JV: Well, the information on the health effects of burning coal is increasing rapidly. Even since our March report, the WHO has come out with their conclusions that coal emissions are carcinogenic. At the same time, we now have viable alternatives. We have cheap and abundant natural gas which has negligible non-carbon emissions. But much more important are the renewables. The cost of solar is dropping to the point where its pretty much on grid parity in some jurisdictions. Alberta also has ample wind resources. It is no longer unreasonable to look at alternatives to coal.
JK: You have a young family. How has being a father influenced your activism?
JV: Huge! My time spans have shifted – I no longer think in terms of my own lifetime but in terms of theirs. I’m concerned about what kind of world we are leaving behind and I’m very influenced by the concept of intergenerational human rights.
JK: In the 1980s, doctors helped reduce the risk of nuclear war through organizations like the Nobel-Prize-winning, International Physicians for the Prevention of Nuclear War. Can physicians play a similarly useful role with respect to climate change? If so, how?
JV: Well, we haven’t done enough so far. The CMA released a position paper in 2010 urging physicians to be part of the movement. Doctors have public respect, in a way that perhaps politicians don’t, and we are just now seeing our ability to shift policy. But we have had some victories. The move to phase out coal in Ontario was driven by an Ontario Public Health Association policy paper in 1999. The Ontario Nurses Association were also key drivers in that campaign.
JK: Do you have targets for phasing out coal in Alberta?
JV: We know that it isn’t happening tomorrow, but we think a ten-year time span like in Ontario is reasonable. Natural gas has a role to play but we need to develop renewables. Let’s at least give renewables the same subsidies fossil fuels get.
JK: Do you see your challenges in Alberta as being similar or different than those in Ontario? Will the culture in Alberta present more difficulty?
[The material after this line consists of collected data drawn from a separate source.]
lemma psd_gram_factorization:
  assumes "finite I" "psd_on I A"
  shows "\<exists>G. \<forall>i\<in>I. \<forall>j\<in>I. A i j = (\<Sum>m\<in>I. G i m * cnj (G j m))"
  using assms
proof (induction I arbitrary: A rule: finite_induct)
  case empty
  then show ?case by simp
next
  case (insert x F)
  have fin: "finite (insert x F)"
    using insert.hyps(1) by simp
  define B where "B i j = A i j - A i x * A x j / A x x" for i j
  have psdB: "psd_on (insert x F) B"
    unfolding B_def using fin insert.prems insertI1 by (rule psd_schur_complement)
  have Bx: "B i x = 0" "B x i = 0" if "i \<in> insert x F" for i
    using psd_zero_diag[OF fin psdB insertI1 _ that] unfolding B_def by simp_all
  obtain u where u: "\<And>i j. j \<in> insert x F \<Longrightarrow> A i x * A x j / A x x = u i * cnj (u j)"
    using psd_pivot_rank_one[OF fin insert.prems insertI1] by blast
  obtain G where G: "\<forall>i\<in>F. \<forall>j\<in>F. B i j = (\<Sum>m\<in>F. G i m * cnj (G j m))"
    using insert.IH psd_on_subset[OF fin psdB] by blast
  define G' where "G' i m = (if m = x then u i else if i \<in> F then G i m else 0)" for i m
  have "A i j = (\<Sum>m\<in>insert x F. G' i m * cnj (G' j m))" if "i \<in> insert x F" "j \<in> insert x F" for i j
  proof -
    have "(\<Sum>m\<in>insert x F. G' i m * cnj (G' j m))
        = u i * cnj (u j) + (\<Sum>m\<in>F. (if i \<in> F then G i m else 0) * cnj (if j \<in> F then G j m else 0))"
      using insert.hyps unfolding G'_def by (auto intro!: sum.cong)
    also have "\<dots> = u i * cnj (u j) + B i j"
      using G Bx that insert.hyps(2) by auto
    finally show ?thesis unfolding B_def using u[OF that(2)] by simp
  qed
  then show ?case by blast
qed

lemma tidx_0: "tidx N 0 = {[]}"
  unfolding tidx_def by auto

lemma tidx_Suc: "tidx N (Suc k) = (\<lambda>(m, ms). m # ms) ` ({..<N} \<times> tidx N k)"
  unfolding tidx_def by (force simp: length_Suc_conv)

lemma finite_tidx: "finite (tidx N k)"
  by (induction k) (simp_all add: tidx_0 tidx_Suc)

lemma tidx_nth_less: "xs \<in> tidx N k \<Longrightarrow> l < k \<Longrightarrow> xs ! l < N"
  unfolding tidx_def using nth_mem by fastforce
JV: The current government is very much tied to industry and that’s the hardest thing. But still, there are almost no royalties from coal, so it is not a big revenue generator. There are almost no jobs in these highly mechanized power plants – politically it should be easy. But the big coal producers in this province, TransAlta and Atco being the big ones, are very politically tied.
JK: How do you square the reduction of coal in Alberta with the huge emissions growth in emerging economies – specifically China?
JV: I hear this a lot – why should we do anything? Well, the problem is humanity-wide and we all have to be part of the solution. The whole world has to reduce its reliance on coal and that includes Alberta and China. China has at least been pro-active with renewables. Alberta has not really done anything.
JK: What are your next steps?
JV: Well, we released our report in March and did a media blitz in September. Now we are meeting with MLAs and power brokers from all four parties. The three in opposition have said that they support our efforts, but we need to get that down on paper. There has been a lot of push-back from the ruling Conservatives, but we continue to meet with them and hope for some flexibility. The easiest thing to do is insist that coal-fired plants meet the same emissions standards as natural gas plants.
JK: Has your activism resulted in any personal burn-out?
JV: No. Actually, the opposite of burn-out. It’s too easy to throw your arms up and say “how can we do anything?” But it’s very empowering to be fighting for positive change. A lot of people feel a sense of environmental hopelessness and it’s amazing how much better it is when you are actively working. There is a lot of power that comes from people being actively involved.